Have you ever wondered if a gem dropped in the woods makes a sound? Well, I can say from experience that a gem dropped in a room full of Smart, Funny & Black enthusiasts makes waves as it resonates, then is met with a series of claps, "mhmm's" and hysterical banter like, "OK master's degree!" or my fav– "oop! put that on a shirt!"
I had a chance to attend Amanda Seales' book tour for Small Doses: Potent Truths For Everyday Use and there's something so refreshing about the way she captures a room with vulnerability, authenticity, and of course, humor. The 30-minute session was hosted at Book Soup, an intimate local bookstore in Los Angeles, and moderated by her longtime friend Demetria Lucas. The proximity of this friendship set the tone for the refreshing honesty that followed.
The seats in the room were filled in advance which was shocking since tardiness is embedded in LA's DNA. My friends and I nestled in the standing-room-only section between bookshelves and got comfy as we collected gems until our cups runneth over. The conversation covered cultural appropriation, racism, sexism, relationships, and so much more.
We know Amanda is no stranger to a viral moment, so stay tuned for some of her advice that has yet to make the social media airwaves.
On important advice for artists...
"Surround yourself with people who believe in you more than you believe in you."
In a world chock-full of artificial intelligence and airbrushed bodies, it's becoming increasingly rare to engage someone in a heartfelt manner. My favorite part of this discussion was the level of genuity in every response.

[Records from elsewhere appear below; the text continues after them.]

(* With $A_2[n]$ defined below, for $n=1,2,\dots$, $$A_2[n]=\frac{n+1}{128}\binom{3n+1}{n}\Bigl(\frac{168n^3+846n^2+1211n+510}{5}-3(n+1)(25n+34)\,F(1,-n;2n+2;-2)\Bigr),$$ where $F(a,b;c;z)$ is the Gauss hypergeometric function.
   Context: $A_0(z)$ is the unique function holomorphic near $z=0$ with $A_0(0)=0$ and $z(1+A_0(z))^3=A_0(z)$, and $$A_2(z)=A_0(z)\frac{(1+A_0(z))^6}{(1-2A_0(z))^9}\bigl(1+36A_0(z)+135A_0^2(z)+19A_0^3(z)\bigr).$$ The numbers $A_2[n]$ are defined by $A_2(z)=\sum_{n\ge1}A_2[n]z^n$. *)

theory Defs
  imports Complex_Main "HOL-Computational_Algebra.Formal_Power_Series"
begin

text \<open>A_0 as a formal power series: the unique series with zero constant term
  satisfying z (1 + A_0)^3 = A_0.  Its coefficients are the Taylor coefficients
  of the holomorphic function A_0(z) at 0.\<close>
definition A0 :: "real fps" where
  "A0 = (THE A. fps_nth A 0 = 0 \<and> fps_X * (1 + A) ^ 3 = A)"

definition A2 :: "real fps" where
  "A2 = A0 * (1 + A0) ^ 6 * inverse ((1 - 2 * A0) ^ 9)
          * (1 + 36 * A0 + 135 * A0 ^ 2 + 19 * A0 ^ 3)"

definition gauss_F :: "real \<Rightarrow> real \<Rightarrow> real \<Rightarrow> real \<Rightarrow> real" where
  "gauss_F a b c z = (\<Sum>k. pochhammer a k * pochhammer b k / pochhammer c k
                            * z ^ k / fact k)"

end

theory Submission
  imports Defs
begin

(* A0 is the compositional inverse of z / (1 + z)^3, so Lagrange inversion gives
   [z^n] G(A0) = [x^n] G(x) (1 + x)^(3n) (1 - 2x) / (1 + x).  For T = (1 + A0)^2 / (1 - 2 A0) and
   U = (1 + A0)^2 / (1 - 2 A0)^2 this yields [z^n] T = C(3n+1, n) and
   [z^n] U = sum_(i<=n) C(3n+1, i) 2^(n-i) = C(3n+1, n) F(1, -n; 2n+2; -2).
   The Euler operator theta = z d/dz maps A0 to A0 (1 + A0) / (1 - 2 A0), so theta^j T and
   theta^j U are rational in A0, and 640 A2 turns out to be a fixed linear combination of them;
   since [z^n] theta^j F = n^j [z^n] F, the formula follows. *)

unbundle fps_syntax

lemma fps_X_mult_fps_shift_1: "fps_X * fps_shift 1 f = f - fps_const (f $ 0 :: 'a::comm_ring_1)"
  by (intro fps_ext) auto

lemma lagrange_inversion_diagonal:
  fixes \<phi> :: "'a::field_char_0 fps"
  assumes "\<phi> $ 0 \<noteq> 0" "n \<ge> 1"
  shows "(\<phi> ^ n * (1 - fps_X * fps_deriv \<phi> * inverse \<phi>)) $ n = 0"
proof -
  obtain m where n: "n = Suc m"
    using assms(2) by (cases n) auto
  let ?W = "1 - fps_X * fps_deriv \<phi> * inverse \<phi>"
  have "\<phi> ^ n * ?W = \<phi> ^ n - fps_X * (fps_deriv \<phi> * \<phi> ^ m) * (\<phi> * inverse \<phi>)"
    by (simp add: n algebra_simps)
  also have "\<dots> = \<phi> ^ n - fps_X * (fps_deriv \<phi> * \<phi> ^ m)"
    using assms(1) by (simp add: inverse_mult_eq_1')
  finally have W: "\<phi> ^ n * ?W = \<phi> ^ n - fps_X * (fps_deriv \<phi> * \<phi> ^ m)" .
  have "of_nat n * (fps_deriv \<phi> * \<phi> ^ m) $ m = fps_deriv (\<phi> ^ n) $ m"
    by (simp add: n fps_deriv_power mult.assoc del: power_Suc)
  also have "\<dots> = of_nat n * (\<phi> ^ n) $ n"
    by (simp only: n fps_deriv_nth Suc_eq_plus1)
  finally have "(fps_deriv \<phi> * \<phi> ^ m) $ m = (\<phi> ^ n) $ n"
    using assms(2) by simp
  then show ?thesis
    unfolding W by (simp add: n del: power_Suc)
qed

When Amanda was asked how she keeps glowing despite adversity, she carefully admitted, "I'm in a dark time right now. I'm up here and I look fly, but that's just because I know how to look fly." We all have these moments but often shy away from the opportunity to speak on them in an open forum. Her courage to answer such a personal question amongst strangers was impactful and she was immediately thanked for sharing by the active audience.
This shocking realization was followed up with the importance of having a tribe who believes in you because, "if you're not careful, you will let people who don't know you convince you that you don't know you." Finding those people that "understand the molecular structure of your soul" to remind you of who you are and what you're capable of is fundamental.
On relationships/dating...
"We're caught in the middle of a transition, where women are existing in a way that we've never existed before."
For someone on a dating hiatus (*insert 'I'm MF tied' meme), I connected with Demetria on a spiritual level when she matrixed a question about dating that was posed to both her and Amanda.
Amanda tackled the question with personal anecdotes about her relationship, mentioning that men are having to relearn how to engage with and be great partners to women who are entering new territories and defying every status quo placed on their heads. She playfully imitated men who are often left pondering dichotomies like, "So you independent...but you still want me to open the door?" Shouldn't be a tough concept to grasp, amiright?
On intersectionality, diversity & feminism...
"If you don't acknowledge the intersectionality of feminism, I don't want any parts."
When asked to speak on intersectionality, Amanda prefaced her response with a reminder that as a black woman, she identifies as American but also Caribbean, having a mother from Grenada. She dug deeper into the intersectionality of feminism, the responsibility to acknowledge that feminism has many different faces and isolating or neglecting the multi-faceted nature of oppression doesn't help anybody.
"At some point, diversity turned into anybody that's not a white man and that is not diversity. When you look at the intersectionality involved you have to acknowledge, if these people are still accessing white privilege, it's not diversity." Amanda explained, "That's how I feel. If you are a white gay man, your voice should absolutely be included, but I don't think that's an example of ticking the diversity box."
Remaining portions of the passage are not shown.